Why Offprints Mattered Before the Internet
Before photocopiers and digital repositories, offprints were one of the only practical ways to share your work. If a colleague in another country didn’t have access to the journal your paper appeared in, getting an offprint from you directly was far easier than hand-copying text, tables, and formulas from a library volume.
This made offprints a surprisingly important social tool in science. Authors distributed them strategically to colleagues, friends, and potential sponsors. People in an author’s correspondence network could sometimes get advance access to forthcoming papers through offprints before the journal issue even went on sale. The circulation patterns reveal a lot about how scientific communities actually functioned: who was connected to whom, who was trying to impress whom, and which ideas traveled through personal networks rather than public channels.
Physical vs. Electronic Offprints
Today, many publishers provide authors with an electronic version of their article, sometimes called an “e-offprint” or simply a PDF. This serves the same basic purpose as the traditional offprint: it gives the author a copy of the final published version of their work that they can share. The key difference is that electronic offprints are often governed by the publisher’s sharing policy, which may restrict where the file can be posted or how it can be distributed. Some publishers allow authors to share their e-offprint freely for personal or educational use but prohibit posting it on public repositories or personal websites.

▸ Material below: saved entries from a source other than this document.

(* Let $\Gamma$ be a connected drawing. Then $2|E_0| \ge N(U_5)+N(U_6)$.
   Context: Drawings are on the sphere: vertices are distinct points, edges (of a graph possibly with parallel edges, no loops) are Jordan arcs; any two edges share finitely many points, each a common endpoint or a proper crossing; no three edges cross at one point; no edge crosses itself; adjacent edges do not cross. $E_0$ is the set of uncrossed edges. An edge with $i$ crossings is split into $i+1$ edge-segments; an edge-segment is inner if both its endpoints are crossings and outer otherwise. The planarization replaces each crossing by a degree-$4$ vertex; the drawing is connected if its planarization is connected. Cells are the components of the sphere minus all vertices and edges; the boundary of a cell is a cyclic sequence alternating between edge-segments and vertices/crossings. Cell types: $U_5$: boundary $u$, uncrossed edge $uv$, $v$, outer segment, crossing, outer segment (two vertices $u,v$). $U_6$: boundary $u$, uncrossed edge $uv$, $v$, outer segment, crossing, inner segment, crossing, outer segment. $N(T)$ is the number of cells of type $T$. *)

theory Defs
  imports "HOL-Analysis.Analysis"
begin

text \<open>Drawings on the unit sphere S^2 in R^3. Vertices: a finite set V of points;
  edges: a finite index set E, edge e drawn as the arc (injective path) g e.\<close>

definition S2 :: "(real^3) set" where
  "S2 = sphere 0 1"

definition edge_set :: "('e \<Rightarrow> real \<Rightarrow> real^3) \<Rightarrow> 'e \<Rightarrow> (real^3) set" where
  "edge_set g e = path_image (g e)"

definition endpoints :: "('e \<Rightarrow> real \<Rightarrow> real^3) \<Rightarrow> 'e \<Rightarrow> (real^3) set" where
  "endpoints g e = {pathstart (g e), pathfinish (g e)}"

definition proper_crossing :: "(real^3) set \<Rightarrow> (real^3) set \<Rightarrow> real^3 \<Rightarrow> bool" where
  "proper_crossing A B x \<longleftrightarrow>
     (\<exists>U h k. openin (top_of_set S2) U \<and> x \<in> U \<and>
        homeomorphism U (ball (0::complex) 1) h k \<and> h x = 0 \<and>
        h ` (A \<inter> U) = {z \<in> ball 0 1. Im z = 0} \<and>
        h ` (B \<inter> U) = {z \<in> ball 0 1. Re z = 0})"
(* Let $T$ be a lifted graph, $F\colon T\to T$ a continuous sun-like map of degree 1, ${\cal P}$ a basic partition of $F$ and ${\cal G}$ its covering graph. (i) Every connected component of ${\cal G}$ contains a vertex of the basis, and the number of connected components of ${\cal G}$ is finite and at most $\#{\cal P}$. (ii) Let ${\cal I}$ be the set of infinite paths $(\alpha_n)_{n\ge0}$ in ${\cal G}$ with $H(\alpha_0)=0$ and $H(\alpha_n)>0$ for all $n\ge1$. If $(\alpha_n)_{n\ge0}\in{\cal I}$ then $H(\alpha_n)=n$ for all $n\ge0$; moreover ${\cal I}$ is finite and $\#{\cal I}\le\#{\cal P}$. (iii) If $(\alpha_n)_{n\ge0}$ is an infinite path in ${\cal G}$, then either there exists a connected component $C$ of ${\cal G}$ such that $\alpha_n\in C$ for all sufficiently large $n$, or there exist $(\beta_n)_{n\ge0}\in{\cal I}$ and $N,M\ge0$ such that $\alpha_{N+n}=\beta_{M+n}$ for all $n\ge0$.
   Context: A lifted graph is a connected topological space $T$ with a homeomorphism $h\colon\mathbb R\to h(\mathbb R)\subset T$ and a homeomorphism $\tau\colon T\to T$ such that $\tau(h(x))=h(x+1)$, the closure of each connected component of $T\setminus h(\mathbb R)$ is a topological finite graph meeting $h(\mathbb R)$ in exactly one point, and only finitely many such components have closure meeting $h([0,1])$. Identify $h(\mathbb R)$ with $\mathbb R$, write $x+m:=\tau^m(x)$; $r_{\mathbb R}\colon T\to\mathbb R$ is the identity on $\mathbb R$ and maps a component $C'$ of $T\setminus\mathbb R$ to the point $\overline{C'}\cap\mathbb R$. $F$ has degree 1 if $F(x+1)=F(x)+1$. Let $T_{\mathbb R}:=\overline{\bigcup_{n\ge0}F^n(\mathbb R)}$, $X:=\overline{T\setminus T_{\mathbb R}}\cap r_{\mathbb R}^{-1}([0,1))$. $F$ is sun-like if $(T\setminus T_{\mathbb R})\cap r_{\mathbb R}^{-1}([0,1))$ consists of finitely many intervals with pairwise disjoint closures $X^i$, $i\in\Lambda$ (branches), each a compact interval meeting $T_{\mathbb R}$ in one endpoint $\min X^i$ (fixing the order of $X^i$). A basic partition is a finite family ${\cal P}=\{X^i_j\}$ of pairwise disjoint nonempty compact intervals $X^i_1<\dots<X^i_{N_i}$ in $X^i$, with $\ell(X^i_j)\in\Lambda$, $p(X^i_j)\in\mathbb Z$, such that $F(X^i_j)\subset(X^{\ell(X^i_j)}+p(X^i_j))\cup\mathrm{Int}(T_{\mathbb R})$, $F(\min X^i_j)=\min X^{\ell(X^i_j)}+p(X^i_j)$, and $F(X\setminus\bigcup X^i_j)\cap(X+\mathbb Z)=\emptyset$. For $A_0,\dots,A_n\in{\cal P}$, $\langle A_0\dots A_n\rangle:=F^n(\{x\in T: F^i(x)\in A_i+\mathbb Z,\ 0\le i\le n\})\cap X$. $A_0\dots A_n\sim B_0\dots B_m$ iff for some $k\le\min(n,m)$, $A_{n-i}=B_{m-i}$ ($0\le i\le k$) and $\langle A_0\dots A_{n-k}\rangle=A_{n-k}=B_{m-k}=\langle B_0\dots B_{m-k}\rangle$. The covering graph ${\cal G}$: vertices are classes $A_0\dots A_n/\!\sim$ with $\langle A_0\dots A_n\rangle\ne\emptyset$; arrow $\alpha\to\beta$ iff $\alpha=A_0\dots A_n/\!\sim$, $\beta=A_0\dots A_nA_{n+1}/\!\sim$ for some $A_i\in{\cal P}$. The significant part of $A_0\dots A_n$ is $A_i\dots A_n$ with $i$ the largest index such that $A_0\dots A_n\sim A_i\dots A_n$ (it depends only on the class); the height $H(\alpha)$ of a vertex $\alpha$ is $n-i$, i.e. the length minus one of its significant part. The basis is the set of vertices of height $0$, i.e. $\{A/\!\sim: A\in{\cal P}\}$, identified with ${\cal P}$. An infinite path is a sequence $(\alpha_n)$ of vertices with $\alpha_n\to\alpha_{n+1}$ for all $n$. A subgraph is strongly connected if any two of its vertices $u,v$ are joined by an oriented path of positive length from $u$ to $v$ within it; connected components are the maximal strongly connected subgraphs. *)

theory Defs
  imports "HOL-Analysis.Analysis"
begin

Physical offprints still exist, but they’ve become more of a specialty product. Researchers occasionally order them for conferences, institutional archives, or as personal keepsakes of particularly significant publications.
Offprints as Collectibles
For rare book collectors, offprints of landmark scientific papers hold special value. An offprint of a groundbreaking discovery, particularly one signed or inscribed by the author, represents something more personal and scarce than the full journal volume. Christie’s notes that collectors increasingly look for features that distinguish one copy from all others: an author’s inscription, a bookplate showing the copy belonged to a notable contemporary, or unusually fine condition.
A signed offprint of a Nobel Prize-winning paper, for instance, suggests a direct connection between the author and the recipient. It’s a physical trace of the networks that shaped scientific history. Because offprints were produced in small quantities and often discarded after use, surviving copies of historically important papers can command significant prices at auction.
How Offprints Differ From Preprints and Reprints
The terminology around academic copies can be confusing. A preprint is a version of a paper shared before peer review, typically posted to a public server like arXiv or medRxiv. An offprint is the final, published version of the article, produced separately from the journal. A reprint can mean either a later printing of an entire book or, confusingly, is sometimes used interchangeably with “offprint” depending on the publisher.
The distinction that matters most: offprints are always the final, peer-reviewed, officially published version of an article. They carry the journal’s formatting, pagination, and branding. A preprint, by contrast, may differ substantially from what eventually gets published.